A mad Gilbertine idea,’ said Father Anselm awkwardly. ‘We forgot that fruit falls when it’s ripe.’ It sounded like a warning. He asked for time to understand the contents of the case and for Nick’s telephone number; and he concluded, ‘Don’t turn over old stones. Let them lie where they were placed.’

Nick drove down the lane of loitering oak trees, away from Larkwood and the smell of aromatic plants. And as he did so, he reflected, painfully, that he’d never been able to share his mother’s deep faith. He leaned more towards his father, who, while adherent, was passive, his true fervour lying in the open fields. When cross, Elizabeth had called him a heretic; in better tempers, she settled for pantheist. Nick had grown up beneath the quirky arch formed where these two types of belief met. He eventually crept away, not quite making sense of the open sky At university he saw the chaplains and the students, half resenting the consequences of his own choice (if that is what it was), for he would have liked to belong. He eventually found a working credo in science – the purity of facts and verification. His mother had quietly grieved. They’d argued – hopelessly, because he didn’t ask her questions, and she didn’t want his answers. He could follow loose talk about God, but not to the point where all that type of thing mattered- at the meshing of life and ideas.

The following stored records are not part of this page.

lemma counit_mult: "counit (x * y) = counit x * counit y"
proof -
  let ?S = "insert [] (Poly_Mapping.keys x)" and ?U = "insert [] (Poly_Mapping.keys y)"
  have "x * y = (\<Sum>a\<in>?S. Poly_Mapping.single a (Poly_Mapping.lookup x a))
      * (\<Sum>b\<in>?U. Poly_Mapping.single b (Poly_Mapping.lookup y b))"
    by (subst (1) poly_mapping_eq_sum_single[of ?S x], simp, blast,
        subst (1) poly_mapping_eq_sum_single[of ?U y]) auto
  also have "\<dots> = (\<Sum>a\<in>?S. \<Sum>b\<in>?U.
      Poly_Mapping.single (a @ b) (Poly_Mapping.lookup x a * Poly_Mapping.lookup y b))"
    by (simp add: sum_distrib_left sum_distrib_right mult_single) (rule sum.swap)
  finally have "counit (x * y) = (\<Sum>a\<in>?S. \<Sum>b\<in>?U.
      if a = [] \<and> b = [] then Poly_Mapping.lookup x a * Poly_Mapping.lookup y b else 0)"
    by (simp add: counit_def lookup_sum lookup_single when_def)
  also have "\<dots> = (\<Sum>a\<in>?S. if a = [] then
      (\<Sum>b\<in>?U. if b = [] then Poly_Mapping.lookup x a * Poly_Mapping.lookup y b else 0) else 0)"
    by (intro sum.cong refl) auto
  finally show ?thesis
    by (simp add: counit_def)
qed

lemma is_ring_hom_counit: "is_ring_hom counit"
  by (simp add: is_ring_hom_def counit_def lookup_add counit_mult[unfolded counit_def] lookup_one)

lemma counit_T: "counit (T i j r) = (if r = 0 \<and> i = j then 1 else 0)"
  by (auto simp: T_def counit_def bv_def lookup_single lookup_one)

lemma fps_map_counit_tseries: "fps_map counit (tseries i j a) = (if i = j then 1 else 0)"
proof (rule fps_ext)
  fix m
  have "counit (tser i j a m) = (\<Sum>r\<le>m. shifted_power_series a r $ m * counit (T i j r))"
    by (simp add: tser_conv_sum[of m m] is_ring_hom_sum[OF is_ring_hom_counit] counit_smult)
  also have "\<dots> = (\<Sum>r\<le>m. if r = 0 then shifted_power_series a 0 $ m * (if i = j then 1 else 0) else 0)"
    by (intro sum.cong refl) (auto simp: counit_T)
  also have "\<dots> = (if m = 0 \<and> i = j then 1 else 0)"
    by (simp add: shifted_power_series_nth gbinomial_0_left)
  finally show "fps_map counit (tseries i j a) $ m = (if i = j then 1 else 0 :: complex fps) $ m"
    by simp
qed

lemma counit_minor_term:
  assumes "length J = length L"
  shows "counit (minor_term J L \<sigma> $ s) = (if s = 0 \<and> perm_tuple \<sigma> J = L then 1 else 0)"
proof -
  have "fps_map counit (minor_term J L \<sigma>) = (\<Prod>m\<leftarrow>[0..<length L]. if J ! \<sigma> m = L ! m then 1 else 0)"
    by (simp add: minor_term_def fps_map_prod_list[OF is_ring_hom_counit] minor_factor_def
        fps_map_counit_tseries)
  also have "\<dots> = (if \<forall>m\<in>set [0..<length L]. J ! \<sigma> m = L ! m then 1 else 0)"
    by (rule prod_list_if_one_zero)
  also have "(\<forall>m\<in>set [0..<length L]. J ! \<sigma> m = L ! m) \<longleftrightarrow> perm_tuple \<sigma> J = L"
    unfolding perm_tuple_def assms list_eq_iff_nth_eq by (simp add: atLeast0LessThan lessThan_iff Ball_def)
  finally have "fps_map counit (minor_term J L \<sigma>) $ s = (if perm_tuple \<sigma> J = L then 1 else 0 :: complex fps) $ s"
    by (rule arg_cong)
  then show ?thesis
    by (simp split: if_split)
qed

lemma counit_tminor:
  assumes "length J = length L"
  shows "counit (tminor J L s)
       = (if s = 0 then \<Sum>\<sigma>\<in>perms (length L). if perm_tuple \<sigma> J = L then of_int (sign \<sigma>) else 0 else 0)"
  using assms
  by (simp add: tminor_conv_minor_term is_ring_hom_sum[OF is_ring_hom_counit] counit_smult
      counit_minor_term if_distrib cong: if_cong)

lemma id_eps_sum: "id_eps (sum f A) = (\<Sum>a\<in>A. id_eps (f a))"
  by (simp add: id_eps_def lext_sum)

lemma id_eps_tens_bv: "id_eps (tens (bv p) y) = smult (counit y) (bv p)"
proof -
  have "id_eps (tens (bv p) y) = lext (\<lambda>q. if q = [] then bv p else 0) y"
    by (simp add: id_eps_def tens_bv_left lext_lext)
  also have "\<dots> = smult (counit y) (bv p)"
    by (cases "[] \<in> Poly_Mapping.keys y")
       (auto simp: lext_def counit_def if_distrib sum.delta in_keys_iff intro!: sum.neutral
         cong: if_cong)
  finally show ?thesis .
qed

lemma id_eps_rho_bas:
  assumes "length I = d"
  shows "id_eps (rho_bas n d (I, r)) = (\<Sum>(J, \<sigma>)\<in>incr_tuples n d \<times> perms d.
      if perm_tuple \<sigma> J = I then smult (of_int (sign \<sigma>)) (bv (J, r)) else 0)"
proof -
  have "id_eps (rho_bas n d (I, r))
      = (\<Sum>J\<in>incr_tuples n d. \<Sum>a\<in>{0..r}. smult (counit (tminor J I (r - a))) (bv (J, a)))"
    by (simp add: rho_bas_def id_eps_sum id_eps_tens_bv)
  also have "\<dots> = (\<Sum>J\<in>incr_tuples n d. \<Sum>a\<in>{0..r}. if a = r then
      smult (\<Sum>\<sigma>\<in>perms d. if perm_tuple \<sigma> J = I then of_int (sign \<sigma>) else 0) (bv (J, a)) else 0)"
    using assms by (intro sum.cong refl) (auto simp: counit_tminor incr_tuples_def)
  also have "\<dots> = (\<Sum>J\<in>incr_tuples n d. \<Sum>\<sigma>\<in>perms d.
      if perm_tuple \<sigma> J = I then smult (of_int (sign \<sigma>)) (bv (J, r)) else 0)"
    by (simp add: smult_sum_left) (intro sum.cong refl, simp)
  finally show ?thesis
    by (simp add: sum.cartesian_product)
qed

lemma bv_nondistinct_in_calt:
  assumes "valid_tuple n d I" "\<not> distinct I"
  shows "bv (I, r) \<in> calt n d"
proof -
  obtain a b where "a < length I" "b < length I" "a \<noteq> b"
    and fixed: "perm_tuple (Transposition.transpose a b) I = I"
    using perm_tuple_transpose_fixes_nondistinct[OF assms(2)] .
  then have "Transposition.transpose a b \<in> perms d"
    using assms(1) by (simp add: transpose_in_perms valid_tuple_def)
  from calt_generator[OF assms(1) this, of r]
  have "bv (I, r) - smult (- 1) (bv (I, r)) \<in> calt n d"
    using \<open>a \<noteq> b\<close> by (simp only: fixed sign_swap_id if_False of_int_minus of_int_1)
  then show ?thesis
    unfolding calt_def self_minus_smult_minus_one by (rule cspan_half)
qed

lemma id_eps_rho_bas_in_calt:
  assumes I: "valid_tuple n d I"
  shows "id_eps (rho_bas n d (I, r)) - bv (I, r) \<in> calt n d"
proof -
  let ?g = "\<lambda>(K, \<sigma>). perm_tuple \<sigma> K"
  let ?A = "incr_tuples n d \<times> perms d"
  have bij: "bij_betw ?g ?A {L. valid_tuple n d L \<and> distinct L}"
    by (rule bij_betw_perm_tuple_incr_tuples)
  have eps: "id_eps (rho_bas n d (I, r))
      = (\<Sum>(J, \<sigma>)\<in>?A. if ?g (J, \<sigma>) = I then smult (of_int (sign \<sigma>)) (bv (J, r)) else 0)"
    using I id_eps_rho_bas[of I d n r] by (simp add: valid_tuple_def)
  show ?thesis
  proof (cases "distinct I")
    case True
    then obtain K \<sigma> where K\<sigma>: "(K, \<sigma>) \<in> ?A" "perm_tuple \<sigma> K = I"
      using I bij by (force simp: bij_betw_def)
    have "?g p = I \<longleftrightarrow> p = (K, \<sigma>)" if "p \<in> ?A" for p
      using K\<sigma> that bij by (auto simp: bij_betw_def inj_on_def)
    then have "id_eps (rho_bas n d (I, r))
        = (\<Sum>p\<in>?A. if p = (K, \<sigma>) then smult (of_int (sign (snd p))) (bv (fst p, r)) else 0)"
      unfolding eps by (intro sum.cong refl) (auto split: prod.split)
    also have "\<dots> = smult (of_int (sign \<sigma>)) (bv (K, r))"
      using K\<sigma>(1) finite_incr_tuples by simp
    finally have "id_eps (rho_bas n d (I, r)) - bv (I, r)
        = - (bv (perm_tuple \<sigma> K, r) - smult (of_int (sign \<sigma>)) (bv (K, r)))"
      using K\<sigma>(2) by simp
    also have "\<dots> \<in> calt n d"
      using K\<sigma>(1) unfolding calt_def
      by (intro cspan_minus, fold calt_def, intro calt_generator) (auto simp: incr_tuples_valid)
    finally show ?thesis .
  next
    case False
    have "?g p \<noteq> I" if "p \<in> ?A" for p
      using that bij False by (auto simp: bij_betw_def)
    then have "id_eps (rho_bas n d (I, r)) = 0"
      unfolding eps by (intro sum.neutral) auto
    then show ?thesis
      using bv_nondistinct_in_calt[OF I False] unfolding calt_def by (simp add: cspan_minus)
  qed
qed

Shortly before Nick had gone down under, she’d said, ‘We should settle on beliefs that are worth the hazards of the race.’

Mildly irritated, because they were watching Ben Hur and it was the exciting bit when the chariots were crashing into each other, Nick said, ‘Would you fight for yours?’

‘I really don’t know.’ She spoke as if the crowds were waiting, but this was St John’s Wood not the Colosseum.